A learning curve is a mathematical concept that describes how the amount of time or cost required to perform a task decreases as workers gain experience or expertise. It suggests that with each doubling of output, there will be a certain percentage reduction in time or cost required. In this case, an 80% learning curve effect means that with each doubling of output, the cost will decrease by 80%.
Let's break down the cost estimate calculation:
1. Calculate the learning curve percentage: 80% learning curve effect implies that with each doubling of output, the cost decreases by 80%. Therefore, the learning curve percentage is calculated as 100% - 80% = 20%.
2. Calculate the cumulative average time or cost reduction: The learning curve formula states that the cumulative average reduction in time or cost (R) can be calculated using the following formula: R = log(LC) / log(2), where LC is the learning curve percentage in decimal form. In this case, LC = 20%, so R = log(0.2) / log(2) = -0.322.
3. Calculate the average time or cost per unit for the prototype batch: The prototype batch is not included in the 225 components order, so we need to calculate the cost estimate for the prototype batch separately. Based on the given costs for materials, labor, and variable overheads, the total cost for the prototype batch is $30 (materials) + $340 (labor) + $100 (variable overheads) = $470. Since the prototype batch is a batch of 15 components, the average cost per component is $470 / 15 = $31.33.
4. Calculate the average time or cost per unit for the subsequent batches: Using the cumulative average reduction value (R) calculated earlier, we can calculate the average time or cost per unit for the subsequent batches. Since the learning curve effect is based on doubling of output, we can calculate the number of doublings required to reach the desired quantity of 225 components by solving the equation 2^x = 225, where x is the number of doublings. Solving this equation, we find that x ≈ 7.81. Therefore, we need to round up to the nearest whole number, which gives us 8 doublings. This means that the cost per unit for the 225 components will be reduced by 8 times the cumulative average reduction value (R).
Let's calculate the average cost per unit for the 225 components:
Cost per unit for subsequent batches = Cost per unit for prototype batch * (1 - R)^x
= $31.33 * (1 - 0.322)^8
= $31.33 * 0.554
= $17.33 (rounded to 2 decimal places)
Therefore, the estimated cost per unit for the 225 components is $17.33.
b) Factors that can limit the use of learning curve:
1. Changes in technology or processes: If there are significant changes in technology or processes, the learning curve effect may not be applicable or may be less effective. New methods or technologies may require different skills or approaches that cannot benefit from previous experience.
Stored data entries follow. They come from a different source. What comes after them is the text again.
(* Let $b_1<b_2$ and $T\ge b_1+b_2$ be positive integers, write $T-b_1=pb_2+q$ with $p\ge1$ and $1\le q<b_2$, and let $k=T-b_1$. Over the $(b_1,T-b_2)$ burst erasure channel, the SR code (defined in the context) has the extended delay profile $$(\underbrace{pb_1+q,\dots,pb_1+q}_{b_2},\underbrace{pb_1,\dots,pb_1}_{q},\underbrace{(p-1)b_1,\dots,(p-1)b_1}_{b_2},\dots,\underbrace{2b_1,\dots,2b_1}_{b_2},\underbrace{b_1,\dots,b_1}_{b_2})$$ with combined symbols $c_j(t)=s_j[t]$ for all $j$, except that when $q<b_1$ and $j\in[b_2+q+1,2b_2+q]$ the combined symbol is $c_j(t)=s_j[t]+m_j(t)$ with $$m_j(t)=\sum_{\ell\in[b_1-1]:\ q+(\ell\bmod(b_1-q))=j-b_2-q} s_{b_2+(\ell\bmod q)}[t-\ell].$$ In particular the profile is extended delay separable with $A_D=[b_2+q+1,2b_2+q]\cap[k]$ and $A_I=[k]\setminus A_D$ (every $m_j(t)$ involves only symbols $s_{j'}[t']$ with $j'\in[b_2+1,b_2+q]\subseteq A_I$ and $t'<t$).
   Context: Convention: $m\bmod n$ denotes the representative of $m$ modulo $n$ in $\{1,\dots,n\}$. Point-to-point code: given $P_0,\dots,P_M\in\mathbb F^{k\times(n-k)}$ ($P_i=0$ for $i\notin[0,M]$), messages $S[t]=(s_1[t],\dots,s_k[t])\in\mathbb F^k$ ($S[t]=0$ for $t<0$) are sent as $(S[t],P[t])$, $P[t]=\sum_{i=0}^M S[t-i]P_i$; a $(b,M)$ burst channel erases packets so that in every window of $M+1$ consecutive slots the erased slots form at most one run of consecutive slots of length at most $b$. Extended delay profile: given for each $i\in[k]$, $t\in\mathbb N$ a linear combination $m_i(t)$ of symbols $s_j[t']$ with $t'<t$, the code has extended delay profile $(t_1,\dots,t_k)$ with combined symbols $s_i[t]+m_i(t)$ if, for every admissible erasure pattern and all $t,i$, the value $s_i[t]+m_i(t)$ is determined by the packets received at times $\le t+t_i$. It is extended delay separable with partition $[k]=A_I\sqcup A_D$ if $m_i\equiv0$ for $i\in A_I$ and, for $i\in A_D$, $m_i(t)$ is a linear combination of symbols $s_j[t-d]$ with $d>0$, $j\in A_I$. SR code (memory $M=T-b_2$, $k=T-b_1$, $n-k=b_2$): $P_i\in\mathbb F_2^{k\times b_2}$, $i\in[0,T-b_2]$: (i) for $j\in[p-1]$, $P_{jb_1}$ has $I_{b_2}$ in rows $(p-j)b_2+q+1,\dots,(p-j+1)b_2+q$, zeros elsewhere; (ii) for $j\in[b_1-1]$, $P_{(p-1)b_1+j}=0$ if $q\ge b_1$, and if $q<b_1$ it has a single $1$ at position $(b_2+(j\bmod q),\,q+(j\bmod(b_1-q)))$; (iii) $P_{pb_1}(b_2+r,r)=1$ for $r\in[q]$, zeros elsewhere; (iv) $P_{pb_1+q}$ has $I_{b_2}$ in rows $1,\dots,b_2$, zeros elsewhere; all other $P_i=0$. *)

theory Defs
  imports Main "HOL-Library.Z2"
begin
text \<open>With \<open>x = (k + 1 - \<mu>) / q\<close>:
  \<open>(q - k + \<mu> - 1)^k = q^k (1 - x)^k \<le> q^k exp (- k x) < q^k / (q + 1)^(\<mu> + 2)\<close>.\<close>
lemma plane_union_bound_lt_power:
  fixes k \<mu> q :: nat
  assumes mu: "1 \<le> \<mu>" and k: "\<mu> + 1 \<le> k" "k \<le> q"
    and H: "(real \<mu> + 2) * real q * ln (real q + 1) < real k * (real k + 1 - real \<mu>)"
  shows "(q + 1)^2 * (k^\<mu> * (q - k + (\<mu> - 1))^k) < q^k"
proof -
  define n where "n = real q + 1"
  define x where "x = (real k + 1 - real \<mu>) / real q"
  have q0: "real q > 0" using k by simp
  have n1: "n > 1" using q0 n_def by simp
  have eqx: "real (q - k + (\<mu> - 1)) = real q * (1 - x)"
    using k mu q0 by (simp add: x_def field_simps of_nat_diff)
  have x1: "0 \<le> 1 - x" using eqx q0 by (metis of_nat_0_le_iff zero_le_mult_iff not_le)
  have "(1 - x) ^ k \<le> exp (-x) ^ k"
    using x1 by (intro power_mono) (auto simp: exp_ge_add_one_self [of "-x", simplified])
  also have "\<dots> = exp (- (real k * x))" by (simp add: exp_of_nat_mult[symmetric])
  also have "\<dots> < exp (- (real (\<mu> + 2) * ln n))"
    using H q0 unfolding x_def n_def by (simp add: field_simps)
  also have "\<dots> = 1 / n ^ (\<mu> + 2)"
    using exp_of_nat_mult[of "\<mu> + 2" "ln n"] n1 by (simp add: exp_minus inverse_eq_divide)
  finally have e: "(1 - x) ^ k < 1 / n ^ (\<mu> + 2)" .
  have kn: "real k ^ \<mu> \<le> n ^ \<mu>" using k n_def by (intro power_mono) auto
  have "real ((q + 1)^2 * (k^\<mu> * (q - k + (\<mu> - 1))^k)) = n^2 * real k ^ \<mu> * (real q ^ k * (1 - x) ^ k)"
    unfolding of_nat_mult of_nat_power eqx by (simp add: n_def power_mult_distrib)
  also have "\<dots> < n^2 * n ^ \<mu> * (real q ^ k * (1 / n ^ (\<mu> + 2)))"
    using kn e x1 n1 q0 k by (intro mult_le_less_imp_less mult_strict_left_mono) auto
  also have "\<dots> = real q ^ k" using n1 by (simp add: field_simps power_add power2_eq_square)
  finally show ?thesis by (metis of_nat_less_iff of_nat_power)
qed
lemma kron_qubit_bloch: "kron (qubit_bloch a) (qubit_bloch z) = two_qubit_bloch a z (\<lambda>i j. a i * z j)"
  (is "?L = ?R")
proof (rule mat_eqI)
  show "?L $ r $ c = ?R $ r $ c" for r c
    by (cases r rule: cases_2x2; cases c rule: cases_2x2;
        simp add: kron_def two_qubit_bloch_def qubit_bloch_def pauli_expansion2_def
          pauli_expansion_def cscale_def pauli_def complex_eq_iff algebra_simps; simp add: field_simps)
qed

lemma norm_diff_cross_sq:
  fixes v z :: "real^3"
  shows "(norm (z - cross3 v z))\<^sup>2 = (norm z)\<^sup>2 + (norm (cross3 v z))\<^sup>2"
  by (simp add: power2_norm_eq_inner inner_diff_left inner_diff_right dot_cross_self inner_commute)

lemma exists_diff_cross_eq:
  fixes v b :: "real^3"
  shows "\<exists>z. z - cross3 v z = b \<and> norm z \<le> norm b"
proof -
  let ?f = "\<lambda>z. z - cross3 v z"
  have lin: "linear ?f"
    using bilinear_cross by (intro linear_compose_sub linear_ident) (simp add: bilinear_def)
  have "inj ?f"
    unfolding linear_injective_0[OF lin]
  proof (intro allI impI)
    fix z assume "?f z = 0"
    then have "(norm z)\<^sup>2 + (norm (cross3 v z))\<^sup>2 = 0"
      using norm_diff_cross_sq[of z v] by simp
    then show "z = 0" by (simp add: add_nonneg_eq_0_iff)
  qed
  then obtain z where z: "?f z = b"
    using lin linear_injective_imp_surjective by (metis surjE)
  have "(norm z)\<^sup>2 \<le> (norm b)\<^sup>2"
    using norm_diff_cross_sq[of z v] z by simp
  then have "norm z \<le> norm b"
    by (rule power2_le_imp_le) simp
  with z show ?thesis by blast
qed

lemma exists_product_bloch_evolution:
  assumes "\<forall>i\<in>{1,2,3::nat}. \<forall>j\<in>{1,2,3::nat}. i \<noteq> j \<longrightarrow> T i j = 0"
  shows "\<exists>z. (\<Sum>k\<in>{1,2,3}. (z k)\<^sup>2) \<le> (\<Sum>k\<in>{1,2,3}. (b k)\<^sup>2) \<and>
    bloch_evolution c1 c2 c3 s1 s2 s3 a b T = bloch_evolution c1 c2 c3 s1 s2 s3 a z (\<lambda>i j. a i * z j)"
proof (cases "s1 = 0 \<or> s2 = 0 \<or> s3 = 0")
  case True
  then show ?thesis
  proof (elim disjE)
    assume "s1 = 0"
    then show ?thesis
      using assms by (intro exI[of _ "\<lambda>k. if k = 1 then b 1 else 0"]) (auto simp: bloch_evolution_def fun_eq_iff)
  next
    assume "s2 = 0"
    then show ?thesis
      using assms by (intro exI[of _ "\<lambda>k. if k = 2 then b 2 else 0"]) (auto simp: bloch_evolution_def fun_eq_iff)
  next
    assume "s3 = 0"
    then show ?thesis
      using assms by (intro exI[of _ "\<lambda>k. if k = 3 then b 3 else 0"]) (auto simp: bloch_evolution_def fun_eq_iff)
  qed
next
  case False
  define v :: "real^3" where "v = vector [c1 * a 1 / s1, c2 * a 2 / s2, c3 * a 3 / s3]"
  define b' :: "real^3" where "b' = vector [b 1, b 2, b 3]"
  obtain w where w: "w - cross3 v w = b'" and w_norm: "norm w \<le> norm b'"
    using exists_diff_cross_eq by blast
  define z where "z k = w $ of_nat k" for k
  have norm_sq: "(norm y)\<^sup>2 = (y $ 1)\<^sup>2 + (y $ 2)\<^sup>2 + (y $ 3)\<^sup>2" for y :: "real^3"
    unfolding power2_norm_eq_inner by (simp add: inner_vec_def sum_3 power2_eq_square)
  have "(\<Sum>k\<in>{1,2,3}. (z k)\<^sup>2) \<le> (\<Sum>k\<in>{1,2,3}. (b k)\<^sup>2)"
    using power_mono[OF w_norm, of 2] by (simp add: z_def norm_sq b'_def)
  moreover have "z 1 - (v$2 * z 3 - z 2 * v$3) = b 1" "z 2 - (v$3 * z 1 - z 3 * v$1) = b 2"
    "z 3 - (v$1 * z 2 - z 1 * v$2) = b 3"
    using w unfolding z_def b'_def vec_eq_iff forall_3 by (simp_all add: cross_components)
  then have "bloch_evolution c1 c2 c3 s1 s2 s3 a b T = bloch_evolution c1 c2 c3 s1 s2 s3 a z (\<lambda>i j. a i * z j)"
    using False assms by (auto simp: fun_eq_iff bloch_evolution_def v_def field_simps)
  ultimately show ?thesis by blast
qed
2. Variations in product design: The learning curve assumes a consistent product design and process. If there are frequent changes in product design or customization, it can disrupt the learning curve effect as workers have to adapt to each new design, reducing the efficiency gains from previous experience.
3. High turnover rate: The learning curve effect assumes a stable and experienced workforce. If there is a high turnover rate among workers, it can disrupt the accumulation of experience and expertise, limiting the effectiveness of the learning curve.
4. Limited production volumes: The learning curve effect is most significant in high-volume production scenarios. If the production volume is low or sporadic, it may be difficult to achieve the full benefits of the learning curve.
5. Skills and expertise required: The learning curve effect may be limited if highly specialized skills or expertise are required for the task. In such cases, the learning curve may not significantly reduce the time or cost required as the tasks remain complex and challenging regardless of experience.
Overall, while the learning curve can be a useful tool for estimating costs and understanding how experience impacts efficiency, it is important to consider these limiting factors to assess its applicability in a specific situation.